The chapter presents four distinct patterns — each a different resolution to the tension between data encapsulation and operational necessity. None is universally superior. The authors analyze each through the lens of runtime coupling, data consistency, read performance, write complexity, and operational overhead, then provide guidance on when each is the right choice.

The Sysops Squad Saga in this chapter focuses on the ticket assignment feature, which requires the Assignment service to access Expert data (skills, geography, availability) that is owned by the Expert Profile service.

Core Concepts

Data ownership: The principle that each service is the single authoritative source for the data it manages. The owning service defines the schema, controls writes, and is responsible for consistency of that data. No other service should write directly to the owner’s database.

Shared database anti-pattern: Multiple services accessing the same database schema directly. This creates structural coupling — a schema change by one service can break another. It was a common pattern in SOA and a known problem the book is explicitly moving away from.

Runtime coupling: Dependency between services that exists at runtime. If Service A calls Service B’s API to get data, and Service B is down, Service A’s functionality is impaired or unavailable. Runtime coupling reduces overall system availability.

Data consistency: The guarantee that all services see the same data values. In a distributed system, there is tension between strong consistency (everyone always sees the latest value) and eventual consistency (values propagate with some delay but eventually converge).

Read performance: How quickly a service can retrieve the data it needs. Network calls to another service introduce latency; in-memory or local database reads are faster by orders of magnitude.

Write complexity: How difficult it is to keep data in sync when it is replicated or cached across multiple locations. Any pattern that involves data duplication introduces write complexity.

The Four Distributed Data Access Patterns

Pattern 1: Interservice Communication Pattern

What it is: Service A retrieves data from Service B by calling Service B’s API directly — a synchronous REST, gRPC, or GraphQL call at runtime when Service A needs the data.
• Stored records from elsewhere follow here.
lemma frame_rows_eq_imp_eq:
  assumes "det (frame_rows w \<sigma>) \<noteq> 0" and "\<And>r. x \<bullet> frame_vec w (\<sigma> r) = y \<bullet> frame_vec w (\<sigma> r)"
  shows "x = y"
proof -
  have "(frame_rows w \<sigma> *v v) $ r = v \<bullet> frame_vec w (\<sigma> r)" for v r
    by (simp add: frame_rows_def matrix_vector_mult_def inner_vec_def mult.commute)
  then have "frame_rows w \<sigma> *v (x - y) = 0"
    using assms(2) by (simp add: vec_eq_iff inner_diff_left)
  then have "x - y = 0"
    using assms(1) unfolding det_nonzero_iff_trivial_kernel by blast
  then show ?thesis by simp
qed

lemma frame_pair_rows_eq_imp_zero:
  fixes x y :: "real^'n::finite"
  assumes "det (frame_pair_rows w \<alpha> \<beta>) \<noteq> 0"
    and "\<And>r. x \<bullet> frame_vec w (\<alpha> r) = y \<bullet> frame_vec w (\<beta> r)"
  shows "x = 0 \<and> y = 0"
proof -
  define z :: "real^('n + 'n)" where "z = (\<chi> c. case c of Inl i \<Rightarrow> x $ i | Inr i \<Rightarrow> y $ i)"
  have "(frame_pair_rows w \<alpha> \<beta> *v z) $ r = x \<bullet> frame_vec w (\<alpha> r) - y \<bullet> frame_vec w (\<beta> r)" for r
    by (simp add: matrix_vector_mult_def frame_pair_rows_def z_def sum_UNIV_sum_type inner_vec_def
        frame_vec_def sum_negf mult.commute)
  then have "frame_pair_rows w \<alpha> \<beta> *v z = 0"
    using assms(2) by (simp add: vec_eq_iff)
  then have "z = 0"
    using assms(1) unfolding det_nonzero_iff_trivial_kernel by blast
  then have "x $ i = 0" "y $ i = 0" for i
    unfolding z_def vec_eq_iff by (metis sum.case vec_lambda_beta zero_index)+
  then show ?thesis by (simp add: vec_eq_iff)
qed

lemma inj_maxout_if_generic_frame:
  fixes I :: "nat \<Rightarrow> nat set" and w :: "nat \<Rightarrow> 'n::finite \<Rightarrow> real"
  assumes "disjoint_family_on I {..<K}" and "\<And>k. k < K \<Longrightarrow> I k \<subseteq> {..<M}"
    and "\<And>k. k < K \<Longrightarrow> finite (I k) \<and> I k \<noteq> {}" and "2 * CARD('n) \<le> K"
    and "generic_frame M w"
  shows "inj (maxout I K (frame_vec w))"
proof (rule injI)
  fix x y assume "maxout I K (frame_vec w) x = maxout I K (frame_vec w) y"
  then obtain a b where ab: "\<And>k. k < K \<Longrightarrow>
      a k \<in> I k \<and> b k \<in> I k \<and> x \<bullet> frame_vec w (a k) = y \<bullet> frame_vec w (b k)"
    using maxout_eq_obtains_argmax assms(3) by blast
  have same_pool: "k = k'" if "k < K" "k' < K" "j \<in> {a k, b k}" "j \<in> {a k', b k'}" for j k k'
  proof (rule ccontr)
    assume "k \<noteq> k'"
    then have "I k \<inter> I k' = {}" using disjoint_family_onD[OF assms(1)] that(1,2) by simp
    moreover have "j \<in> I k" "j \<in> I k'" using ab[OF that(1)] ab[OF that(2)] that(3,4) by auto
    ultimately show False by blast
  qed
  have bounded: "a k < M" "b k < M" if "k < K" for k
    using ab[OF that] assms(2)[OF that] by auto
  have "{k. k < K \<and> a k = b k} \<subseteq> {..<K}" by auto
  then show "x = y"
    using assms(4)
  proof (cases rule: obtain_injection_inside_or_outside)
    case (inside \<sigma>)
    then have \<sigma>: "\<sigma> r < K" "a (\<sigma> r) = b (\<sigma> r)" for r by auto
    have "inj (a \<circ> \<sigma>)"
    proof (rule injI)
      fix r r' assume "(a \<circ> \<sigma>) r = (a \<circ> \<sigma>) r'"
      then have "\<sigma> r = \<sigma> r'" using same_pool[OF \<sigma>(1) \<sigma>(1), of "a (\<sigma> r)" r r'] by simp
      then show "r = r'" using \<open>inj \<sigma>\<close> by (simp add: inj_eq)
    qed
    then have "det (frame_rows w (a \<circ> \<sigma>)) \<noteq> 0"
      using assms(5) bounded(1)[OF \<sigma>(1)] by (simp add: generic_frame_def)
    moreover have "x \<bullet> frame_vec w ((a \<circ> \<sigma>) r) = y \<bullet> frame_vec w ((a \<circ> \<sigma>) r)" for r
      using ab[OF \<sigma>(1)] \<sigma>(2) by simp
    ultimately show ?thesis by (rule frame_rows_eq_imp_eq)
  next
    case (outside \<rho>)
    then have \<rho>: "\<rho> r < K" "a (\<rho> (Inr i)) \<noteq> b (\<rho> (Inr i))" for r i by blast+
    have "{a (\<rho> r), b (\<rho> r)} \<inter> {a (\<rho> r'), b (\<rho> r')} = {}" if "r \<noteq> r'" for r r'
    proof -
      have "\<rho> r \<noteq> \<rho> r'" using \<open>inj \<rho>\<close> that by (simp add: inj_eq)
      then show ?thesis using same_pool[OF \<rho>(1) \<rho>(1)] by blast
    qed
    then have "(a \<circ> \<rho>, b \<circ> \<rho>) \<in> disjoint_index_pairs M"
      using \<rho> bounded unfolding disjoint_index_pairs_def by simp
    then have "det (frame_pair_rows w (a \<circ> \<rho>) (b \<circ> \<rho>)) \<noteq> 0"
      using assms(5) by (auto simp: generic_frame_def)
    moreover have "x \<bullet> frame_vec w ((a \<circ> \<rho>) r) = y \<bullet> frame_vec w ((b \<circ> \<rho>) r)" for r
      using ab[OF \<rho>(1)] by simp
    ultimately have "x = 0 \<and> y = 0" by (rule frame_pair_rows_eq_imp_zero)
    then show ?thesis by simp
  qed
qed

theorem proposition6:
  fixes K L M :: nat and I :: "nat \<Rightarrow> nat set"
  assumes "M = K * L"
    and "L \<ge> 1"
    and "disjoint_family_on I {..<K}"
    and "(\<Union>k<K. I k) = {..<M}"
    and "\<forall>k<K. card (I k) = L"
    and "K \<ge> 2 * CARD('n::finite) + 1"
  shows "AE \<omega> in (gauss_frame_space M :: (nat \<Rightarrow> 'n \<Rightarrow> real) measure).
           inj (maxout I K (frame_vec \<omega>))"
  using AE_generic_frame
proof (rule AE_mp, intro AE_I2 impI)
  fix \<omega> :: "nat \<Rightarrow> 'n \<Rightarrow> real" assume "generic_frame M \<omega>"
  moreover have "finite (I k) \<and> I k \<noteq> {}" if "k < K" for k
    using assms(2,5) that by (auto intro: card_ge_0_finite)
  moreover have "I k \<subseteq> {..<M}" if "k < K" for k
    using assms(4) that by blast
  ultimately show "inj (maxout I K (frame_vec \<omega>))"
    using assms(3,6) by (intro inj_maxout_if_generic_frame) auto
qed

end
                    +-------------------+
                    |    Service A      |
                    |  (e.g., Ticket    |
                    |   Assignment)     |
                    +--------+----------+
                             |
                   GET /experts/{id}
                   (synchronous call)
                             |
                    +--------v----------+
                    |    Service B      |
                    |  (e.g., Expert    |
                    |   Profile)        |
                    +--------+----------+
                             |
                    +--------v----------+
                    |  Expert Profile   |
                    |    Database       |
                    +-------------------+

How it works:

Service A has a runtime dependency on Service B’s availability
Service A receives exactly the data Service B exposes via its API — no more, no less
Service B remains the single source of truth; no data duplication occurs
Calls can be synchronous (request/response) or asynchronous (request/async callback)

Trade-offs:

Dimension	Assessment
Runtime coupling	HIGH — Service A’s behavior depends on Service B being available
Data consistency	HIGH — Service A always gets the current value from the source of truth
Read performance	LOWER — network latency per call; adds to Service A’s response time
Write complexity	LOW — no synchronization needed; single source of truth
Operational complexity	LOW to MEDIUM — standard API contract, but fault tolerance required

When to use:

Data changes frequently (high write velocity) — replication would create stale reads
Strict consistency is required — the consumer must see the latest value immediately
The data volume requested is small per call — a few fields, not megabytes
Service B is highly available and fast (not a bottleneck)
The dependency relationship is acceptable in the architecture’s coupling model

When to avoid:

Service B is a known bottleneck or has reliability concerns
Service A is on a hot read path where network latency is unacceptable
The data changes infrequently — network call overhead is wasted on static data

Fault tolerance requirements: Service A must handle Service B being unavailable — circuit breakers, fallback behavior, timeout policies, and retry logic are all required. This adds implementation complexity that is often underestimated.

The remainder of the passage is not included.